Stress Measurement of an Austenitic Stainless Steel Foil by Transmitted Polychromatic X-Rays

Abstract

Deformation properties of austenitic stainless steel foils of 0.05 mm in thickness were evaluated by using transmitted polychromatic X-rays under monotonic tensile loading. A conventional laboratory X-ray equipment with a rotating Mo anode was adopted at a tube current of 40 mA and an acceleration voltage of 60kV. Soller slits with a divergence angle of 0.5 deg were attached on both divergent and receiving sides. By the preset time of 500s, enough diffraction intensity was obtained to determine the stress. The diffraction elastic constants were measured under monotonic loading by the cos2χ method. The diffraction energy decreased almost linearly with increasing cos2χ, and the slope of the cos2χ diagram decreased with increasing applied stress.

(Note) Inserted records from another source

(* Let $I\subseteq\mathbb{R}$ be an interval containing $0$ and let $f:I\to\mathbb{R}$ be such that $f|_{I\cap[0,\infty)}$ is convex and $f(-x)=-f(x)$ whenever $x$ and $-x$ both belong to $I$. Then for every family of points $a_1,\dots,a_n\in I$ such that \[ \sum_{k=1}^n a_k+(n-2)\min\{a_1,\dots,a_n\}\ge0, \] we have \[ f\left(\frac1n\sum_{k=1}^n a_k\right)\le\frac1n\sum_{k=1}^n f(a_k). \] *)

theory Defs
  imports "HOL-Analysis.Analysis"
begin

end

theory Submission
  imports Defs
begin

text \<open>If all points are nonnegative this is Jensen's inequality. Otherwise let \<open>m < 0\<close> be the
minimum and \<open>y\<close> the mean of the nonnegative points; the hypothesis forces \<open>y \<ge> -m\<close>, so every
point lies in \<open>[-y, y]\<close>. Convexity on \<open>[0, y]\<close> together with \<open>f 0 = 0\<close> puts the graph of \<open>f\<close>
below the secant \<open>t \<mapsto> t f(y) / y\<close> on \<open>[0, y]\<close> and, by oddness, above it on \<open>[-y, 0]\<close>.
Jensen on the nonnegative points and the secant bound on the negative ones give
\<open>\<Sum> f(a\<^sub>k) \<ge> S f(y) / y\<close> with \<open>S = \<Sum> a\<^sub>k\<close>, and since \<open>0 \<le> S/n \<le> y\<close> the secant bound once more
gives \<open>f(S/n) \<le> (S/n) f(y) / y\<close>.\<close>

lemma convex_on_mean_le:
  fixes y :: "'a \<Rightarrow> 'b::real_vector"
  assumes "finite A" "A \<noteq> {}" "convex_on C f" "\<And>i. i \<in> A \<Longrightarrow> y i \<in> C"
  shows "f (sum y A /\<^sub>R card A) \<le> (\<Sum>i\<in>A. f (y i)) / card A"
proof -
  have "card A > 0" using assms by (simp add: card_gt_0_iff)
  then have "f (\<Sum>i\<in>A. inverse (card A) *\<^sub>R y i) \<le> (\<Sum>i\<in>A. inverse (card A) * f (y i))"
    by (intro convex_on_sum[OF assms(1-3)]) (use assms(4) in auto)
  then show ?thesis
    by (simp add: scaleR_sum_right sum_distrib_left[symmetric] divide_inverse_commute)
qed

lemma convex_mean_mem:
  fixes y :: "'a \<Rightarrow> 'b::real_vector"
  assumes "finite A" "A \<noteq> {}" "convex C" "\<And>i. i \<in> A \<Longrightarrow> y i \<in> C"
  shows "sum y A /\<^sub>R card A \<in> C"
proof -
  have "card A > 0" using assms by (simp add: card_gt_0_iff)
  then have "(\<Sum>i\<in>A. inverse (card A) *\<^sub>R y i) \<in> C"
    by (intro convex_sum[OF assms(1,3)]) (use assms(4) in auto)
  then show ?thesis by (simp add: scaleR_sum_right)
qed

lemma convex_on_le_secant_origin:
  fixes f :: "real \<Rightarrow> real"
  assumes "convex_on C f" "0 \<in> C" "f 0 = 0" "x \<in> C" "0 \<le> t" "t \<le> x"
  shows "f t \<le> t / x * f x"
proof -
  have "f ((1 - t / x) *\<^sub>R 0 + (t / x) *\<^sub>R x) \<le> (1 - t / x) * f 0 + (t / x) * f x"
    by (rule convex_onD[OF assms(1)]) (use assms in \<open>auto simp: divide_le_eq_1\<close>)
  then show ?thesis using assms by (cases "x = 0") auto
qed

lemma mean_nonneg_part_ge_neg_Min:
  fixes a :: "'a \<Rightarrow> real" and A :: "'a set"
  defines "P \<equiv> {k \<in> A. 0 \<le> a k}"
  assumes "finite A" "card A \<ge> 2"
    and "sum a A + (real (card A) - 2) * Min (a ` A) \<ge> 0"
    and "Min (a ` A) < 0"
  shows "P \<noteq> {}" "- Min (a ` A) \<le> sum a P / card P"
proof -
  define N where "N = {k \<in> A. a k < 0}"
  define M where "M = - Min (a ` A)"
  have "A \<noteq> {}" using assms(3) by auto
  then have "Min (a ` A) \<in> a ` A" using assms(2) by (intro Min_in) auto
  then obtain k0 where "k0 \<in> A" "a k0 = Min (a ` A)" by auto
  then have k0: "k0 \<in> A" "a k0 = - M" by (simp_all add: M_def)
  have "M > 0" using assms(5) by (simp add: M_def)
  have k0N: "k0 \<in> N" using k0 \<open>M > 0\<close> by (simp add: N_def)
  have split: "P \<inter> N = {}" "P \<union> N = A" by (auto simp: P_def N_def)
  have "finite P" "finite N" using assms(2) by (auto simp: P_def N_def)
  have "card P + card N = card A"
    using card_Un_disjoint[OF \<open>finite P\<close> \<open>finite N\<close> split(1)] split(2) by simp
  then have "card P + 1 \<le> card A"
    using k0N \<open>finite N\<close> card_gt_0_iff[of N] by (cases "N = {}") auto
  then have card_P: "real (card P) \<le> real (card A) - 1" by linarith
  have "M \<le> (\<Sum>k\<in>N. - a k)"
    using member_le_sum[of k0 N "\<lambda>k. - a k"] k0N k0 \<open>finite N\<close> by (auto simp: N_def)
  moreover have "sum a A = sum a P + sum a N"
    using sum.union_disjoint[OF \<open>finite P\<close> \<open>finite N\<close> split(1)] split(2) by simp
  ultimately have sum_P: "(real (card A) - 1) * M \<le> sum a P"
    using assms(4) by (simp add: M_def sum_negf algebra_simps)
  moreover have "(real (card A) - 1) * M > 0" using assms(3) \<open>M > 0\<close> by simp
  ultimately show "P \<noteq> {}" by auto
  then have "card P > 0" using \<open>finite P\<close> by (simp add: card_gt_0_iff)
  have "real (card P) * M \<le> (real (card A) - 1) * M"
    using card_P \<open>M > 0\<close> by (intro mult_right_mono) auto
  with sum_P \<open>card P > 0\<close> show "- Min (a ` A) \<le> sum a P / card P"
    by (simp add: M_def field_simps)
qed

lemma sum_le_card_mult_mean_nonneg_part:
  fixes a :: "'a \<Rightarrow> real" and A :: "'a set"
  defines "P \<equiv> {k \<in> A. 0 \<le> a k}"
  assumes "finite A" "P \<noteq> {}"
  shows "sum a A \<le> card A * (sum a P / card P)"
proof -
  have "finite P" "P \<subseteq> A" using assms(2) by (auto simp: P_def)
  have "sum a (A - P) \<le> 0" by (rule sum_nonpos) (auto simp: P_def)
  then have "sum a A \<le> sum a P"
    using sum.subset_diff[OF \<open>P \<subseteq> A\<close> assms(2), of a] by linarith
  also have "\<dots> = card P * (sum a P / card P)"
    using \<open>finite P\<close> \<open>P \<noteq> {}\<close> by (simp add: card_gt_0_iff)
  also have "\<dots> \<le> card A * (sum a P / card P)"
    using card_mono[OF assms(2) \<open>P \<subseteq> A\<close>] by (intro mult_right_mono divide_nonneg_nonneg sum_nonneg) (auto simp: P_def)
  finally show ?thesis .
qed

locale odd_convex_on_nonneg =
  fixes I :: "real set" and f :: "real \<Rightarrow> real"
  assumes interval: "is_interval I" and zero_mem: "0 \<in> I"
    and convex: "convex_on (I \<inter> {0..}) f"
    and odd: "\<And>x. x \<in> I \<Longrightarrow> - x \<in> I \<Longrightarrow> f (- x) = - f x"
begin

lemma f_zero: "f 0 = 0"
  using odd[of 0] zero_mem by simp

lemma le_secant:
  assumes "y \<in> I" "0 \<le> t" "t \<le> y"
  shows "f t \<le> t / y * f y"
  by (rule convex_on_le_secant_origin[OF convex _ f_zero]) (use assms zero_mem in auto)

lemma secant_le:
  assumes "y \<in> I" "t \<in> I" "- y \<le> t" "t \<le> 0"
  shows "t / y * f y \<le> f t"
proof -
  have "- t \<in> I" using mem_is_interval_1_I[OF interval zero_mem \<open>y \<in> I\<close>] assms by simp
  moreover have "f (- t) \<le> - t / y * f y" using assms by (intro le_secant) auto
  ultimately show ?thesis using odd[OF \<open>t \<in> I\<close>] by simp
qed

lemma secant_le_sum_at_mean_of_nonneg:
  fixes a :: "'a \<Rightarrow> real" and A :: "'a set"
  defines "P \<equiv> {k \<in> A. 0 \<le> a k}"
  defines "y \<equiv> sum a P / card P"
  assumes "finite A" "a ` A \<subseteq> I" "P \<noteq> {}" "\<And>k. k \<in> A \<Longrightarrow> - y \<le> a k"
  shows "y \<in> I" "sum a A / y * f y \<le> (\<Sum>k\<in>A. f (a k))"
proof -
  define N where "N = {k \<in> A. a k < 0}"
  have split: "P \<inter> N = {}" "P \<union> N = A" by (auto simp: P_def N_def)
  have "finite P" "finite N" using assms(3) by (auto simp: P_def N_def)
  have P_mem: "a k \<in> I \<inter> {0..}" if "k \<in> P" for k using that assms(4) by (auto simp: P_def)
  have "y \<in> I \<inter> {0..}"
    using convex_mean_mem[OF \<open>finite P\<close> \<open>P \<noteq> {}\<close> _ P_mem] interval
    by (simp add: y_def divide_inverse_commute convex_Int is_interval_convex convex_real_interval)
  then show "y \<in> I" by simp
  have "card P > 0" using \<open>finite P\<close> \<open>P \<noteq> {}\<close> by (simp add: card_gt_0_iff)
  have "f y \<le> (\<Sum>k\<in>P. f (a k)) / card P"
    using convex_on_mean_le[OF \<open>finite P\<close> \<open>P \<noteq> {}\<close> convex P_mem]
    by (simp add: y_def divide_inverse_commute)
  then have "sum a P / y * f y \<le> (\<Sum>k\<in>P. f (a k))"
    using \<open>card P > 0\<close> f_zero by (cases "y = 0") (simp_all add: y_def field_simps)
  moreover have "sum a N / y * f y \<le> (\<Sum>k\<in>N. f (a k))"
    unfolding sum_divide_distrib sum_distrib_right
    by (intro sum_mono secant_le[OF \<open>y \<in> I\<close>]) (use assms(4,6) in \<open>auto simp: N_def\<close>)
  ultimately show "sum a A / y * f y \<le> (\<Sum>k\<in>A. f (a k))"
    using sum.union_disjoint[OF \<open>finite P\<close> \<open>finite N\<close> split(1), of a]
      sum.union_disjoint[OF \<open>finite P\<close> \<open>finite N\<close> split(1), of "f \<circ> a"] split(2)
    by (simp add: add_divide_distrib distrib_right)
qed

theorem mean_le:
  fixes a :: "'a \<Rightarrow> real"
  assumes "finite A" "A \<noteq> {}" "a ` A \<subseteq> I"
    and "sum a A + (real (card A) - 2) * Min (a ` A) \<ge> 0"
  shows "f (sum a A / card A) \<le> (\<Sum>k\<in>A. f (a k)) / card A"
proof -
  have Min_le_a: "Min (a ` A) \<le> a k" if "k \<in> A" for k
    by (rule Min_le) (use assms(1) that in auto)
  show ?thesis
  proof (cases "Min (a ` A) \<ge> 0")
    case True
    then have "a k \<in> I \<inter> {0..}" if "k \<in> A" for k
      using Min_le_a[OF that] that assms(3) by auto
    then show ?thesis
      using convex_on_mean_le[OF assms(1,2) convex] by (simp add: divide_inverse_commute)
  next
    case Min_neg: False
    show ?thesis
    proof (cases "card A = 1")
      case True
      then obtain k where "A = {k}" by (rule card_1_singletonE)
      then show ?thesis by simp
    next
      case False
      then have "card A \<ge> 2" using card_gt_0_iff[of A] assms(1,2) by linarith
      define P where "P = {k \<in> A. 0 \<le> a k}"
      define y where "y = sum a P / card P"
      have "P \<noteq> {}" and y_ge: "- Min (a ` A) \<le> y"
        using mean_nonneg_part_ge_neg_Min[OF assms(1) \<open>card A \<ge> 2\<close> assms(4)] Min_neg
        by (auto simp: P_def y_def)
      have "- y \<le> a k" if "k \<in> A" for k using y_ge Min_le_a[OF that] by linarith
      then have "y \<in> I" and sum_ge: "sum a A / y * f y \<le> (\<Sum>k\<in>A. f (a k))"
        using secant_le_sum_at_mean_of_nonneg[OF assms(1,3), folded P_def y_def] \<open>P \<noteq> {}\<close>
        by blast+
      have mean_le_y: "sum a A / card A \<le> y"
        using sum_le_card_mult_mean_nonneg_part[where a = a, OF assms(1), folded P_def y_def] \<open>P \<noteq> {}\<close>
          \<open>card A \<ge> 2\<close> by (simp add: divide_le_eq mult.commute)
      have "(real (card A) - 2) * Min (a ` A) \<le> 0"
        using \<open>card A \<ge> 2\<close> Min_neg by (intro mult_nonneg_nonpos) auto
      then have "0 \<le> sum a A / card A" using assms(4) by simp
      then have "f (sum a A / card A) \<le> sum a A / card A / y * f y"
        using le_secant[OF \<open>y \<in> I\<close> _ mean_le_y] by blast
      also have "\<dots> = (sum a A / y * f y) / card A" by simp
      also have "\<dots> \<le> (\<Sum>k\<in>A. f (a k)) / card A"
        by (rule divide_right_mono[OF sum_ge]) simp
      finally show ?thesis .
    qed
  qed
qed

end

theorem corollary3:
  fixes I :: "real set" and f :: "real \<Rightarrow> real" and a :: "nat \<Rightarrow> real" and n :: nat
  assumes "is_interval I" and "0 \<in> I"
    and "convex_on (I \<inter> {0..}) f"
    and "\<And>x. x \<in> I \<Longrightarrow> - x \<in> I \<Longrightarrow> f (- x) = - f x"
    and "n \<ge> 1"
    and "\<And>k. k \<in> {1..n} \<Longrightarrow> a k \<in> I"
    and "(\<Sum>k=1..n. a k) + (real n - 2) * Min (a ` {1..n}) \<ge> 0"
  shows "f ((\<Sum>k=1..n. a k) / real n) \<le> (\<Sum>k=1..n. f (a k)) / real n"
proof -
  interpret odd_convex_on_nonneg I f
    using assms(1-4) by unfold_locales
  have "a ` {1..n} \<subseteq> I" using assms(6) by blast
  then show ?thesis
    using mean_le[of "{1..n}" a] assms(5,7) by simp
qed

end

Measured diffraction elastic constants were compared with the theoretical values calculated by the Kröner model. The experimental value obtained from a single peak with high intensity agreed well with theoretical one, and the standard deviation was enough small. The lattice strain measured during plastic deformation depended on the diffraction plane. For the single peak profile, the full width at half maximum increased with applied plastic strain. From the the diffraction-plane dependence of the lattice strain, the full width at half maximum and the diffraction intensity, deformation properties of the materials can be evaluated. Diffraction method of laboratory polychromatic X-rays is effective as a simple technique to measure multiple X-ray parameters.